I have a list which looks like,
lapply(sample_list, head, 3)
$`2016-04-24 00:00:00.tcp`
ports freq
8 443 296
12 80 170
5 23 92
$`2016-04-24 00:00:00.udp`
ports freq
4 161 138
7 53 45
1 123 28
$`2016-04-24 01:00:00.tcp`
ports freq
13 443 342
20 80 215
10 25 60
$`2016-04-24 01:00:00.udp`
ports freq
4 161 85
8 53 42
12 902 27
I want to merge the data frames that come from the same protocol (i.e. the tcp
together and udp
together)
So the final result would be a new list with 2 data frames; One for tcp
and one for udp
such that,
lapply(final_list, head, 3)
$tcp
ports freq.00:00:00 freq.01:00:00
1 443 296 342
2 80 170 215
3 23 92 51
$udp
ports freq.00:00:00 freq.01:00:00
1 161 138 85
2 53 45 42
3 123 28 19
DATA
dput(sample_list)
structure(list(`2016-04-24 00:00:00.tcp` = structure(list(ports = c("443",
"80", "23", "21", "22", "25", "445", "110", "389", "135", "465",
"514", "91", "995", "84", "902"), freq = structure(c(296L, 170L,
92L, 18L, 16L, 15L, 14L, 4L, 3L, 2L, 2L, 2L, 2L, 2L, 1L, 1L), .Dim = 16L)), .Names = c("ports",
"freq"), row.names = c(8L, 12L, 5L, 3L, 4L, 6L, 9L, 1L, 7L, 2L,
10L, 11L, 15L, 16L, 13L, 14L), class = "data.frame"), `2016-04-24 00:00:00.udp` = structure(list(
ports = c("161", "53", "123", "902", "137", "514", "138",
"623", "69", "88", "500"), freq = structure(c(138L, 45L,
28L, 26L, 24L, 24L, 6L, 6L, 5L, 4L, 1L), .Dim = 11L)), .Names = c("ports",
"freq"), row.names = c(4L, 7L, 1L, 11L, 2L, 6L, 3L, 8L, 9L, 10L,
5L), class = "data.frame"), `2016-04-24 01:00:00.tcp` = structure(list(
ports = c("443", "80", "25", "23", "88", "21", "161", "22",
"445", "135", "389", "993", "548", "110", "143", "502", "514",
"81", "995", "102", "111", "311", "444", "789", "902", "91"
), freq = structure(c(342L, 215L, 60L, 51L, 42L, 32L, 31L,
18L, 18L, 6L, 5L, 4L, 3L, 2L, 2L, 2L, 2L, 2L, 2L, 1L, 1L,
1L, 1L, 1L, 1L, 1L), .Dim = 26L)), .Names = c("ports", "freq"
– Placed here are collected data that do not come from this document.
lemma measurable_nat_filtration:
  assumes "i \<in> {1..n}" and "Z i \<in> measurable M D"
  shows "Z i \<in> measurable (nat_filtration M D Z n) D"
proof (rule measurableI)
  show "Z i x \<in> space D" if "x \<in> space (nat_filtration M D Z n)" for x
    using that measurable_space[OF assms(2)] by simp
  show "Z i -` A \<inter> space (nat_filtration M D Z n) \<in> sets (nat_filtration M D Z n)"
    if "A \<in> sets D" for A
    using that assms(1) unfolding sets_nat_filtration space_nat_filtration
    by (intro sigma_sets.Basic) blast
qed

lemma (in prob_space) indep_set_nat_filtration_next:
  assumes indep: "indep_vars (\<lambda>_. D) Z {1..}"
  shows "indep_set (sets (nat_filtration M D Z n)) {Z (Suc n) -` A \<inter> space M | A. A \<in> sets D}"
proof -
  define E where "E i = {Z i -` A \<inter> space M | A. A \<in> sets D}" for i
  define I where "I b = (if b then {1..n} else {Suc n})" for b
  have collect: "indep_sets (\<lambda>b. sigma_sets (space M) (\<Union>i\<in>I b. E i)) UNIV"
  proof (rule indep_sets_collect_sigma)
    have "indep_sets E {1..}"
      using indep unfolding indep_vars_def2 E_def by blast
    then show "indep_sets E (\<Union>b\<in>UNIV. I b)"
      by (rule indep_sets_mono_index[rotated]) (auto simp: I_def)
    show "Int_stable (E i)" for i
      unfolding E_def
    proof (safe intro!: Int_stableI)
      fix A B assume "A \<in> sets D" "B \<in> sets D"
      then show "\<exists>C. (Z i -` A \<inter> space M) \<inter> (Z i -` B \<inter> space M) = Z i -` C \<inter> space M \<and> C \<in> sets D"
        by (intro exI[of _ "A \<inter> B"]) auto
    qed
    show "disjoint_family_on I UNIV"
      unfolding disjoint_family_on_def I_def by auto
  qed
  show ?thesis
    unfolding indep_set_def
    by (rule indep_sets_mono_sets[OF collect]) (auto simp: sets_nat_filtration I_def E_def split: bool.split)
qed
), row.names = c(13L, 20L, 10L, 9L, 22L, 7L, 6L, 8L, 15L, 4L,
12L, 25L, 18L, 2L, 5L, 16L, 17L, 21L, 26L, 1L, 3L, 11L, 14L,
19L, 23L, 24L), class = "data.frame"), `2016-04-24 01:00:00.udp` = structure(list(
ports = c("161", "53", "902", "514", "123", "137", "69",
"138", "389", "443", "88", "623"), freq = structure(c(85L,
42L, 27L, 24L, 19L, 15L, 15L, 4L, 2L, 2L, 2L, 1L), .Dim = 12L)), .Names = c("ports",
"freq"), row.names = c(4L, 8L, 12L, 7L, 1L, 2L, 10L, 3L, 5L,
6L, 11L, 9L), class = "data.frame")), .Names = c("2016-04-24 00:00:00.tcp",
"2016-04-24 00:00:00.udp", "2016-04-24 01:00:00.tcp", "2016-04-24 01:00:00.udp"
))
Bonus question: What is the structure of freq
? I never saw int [1:16(1d)]
before.
str(sample_list$`2016-04-24 00:00:00.tcp`)
'data.frame': 16 obs. of 2 variables:
$ ports: chr "443" "80" "23" "21" ...
$ freq : int [1:16(1d)] 296 170 92 18 16 15 14 4 3 2 ...
The code I used to create the list (In this case called try1
)
protocol_list <- lapply(per_hour1, function(i) split(i, i$protocol))
Analytic_Protocol_List <- lapply(protocol_list, function(i) lapply(i, dest.ports))
try1 <- lapply(unlist(Analytic_Protocol_List, recursive = FALSE), `[[`, 1)
Note that solutions from similar questions do not work for this case. Maybe because of the structure?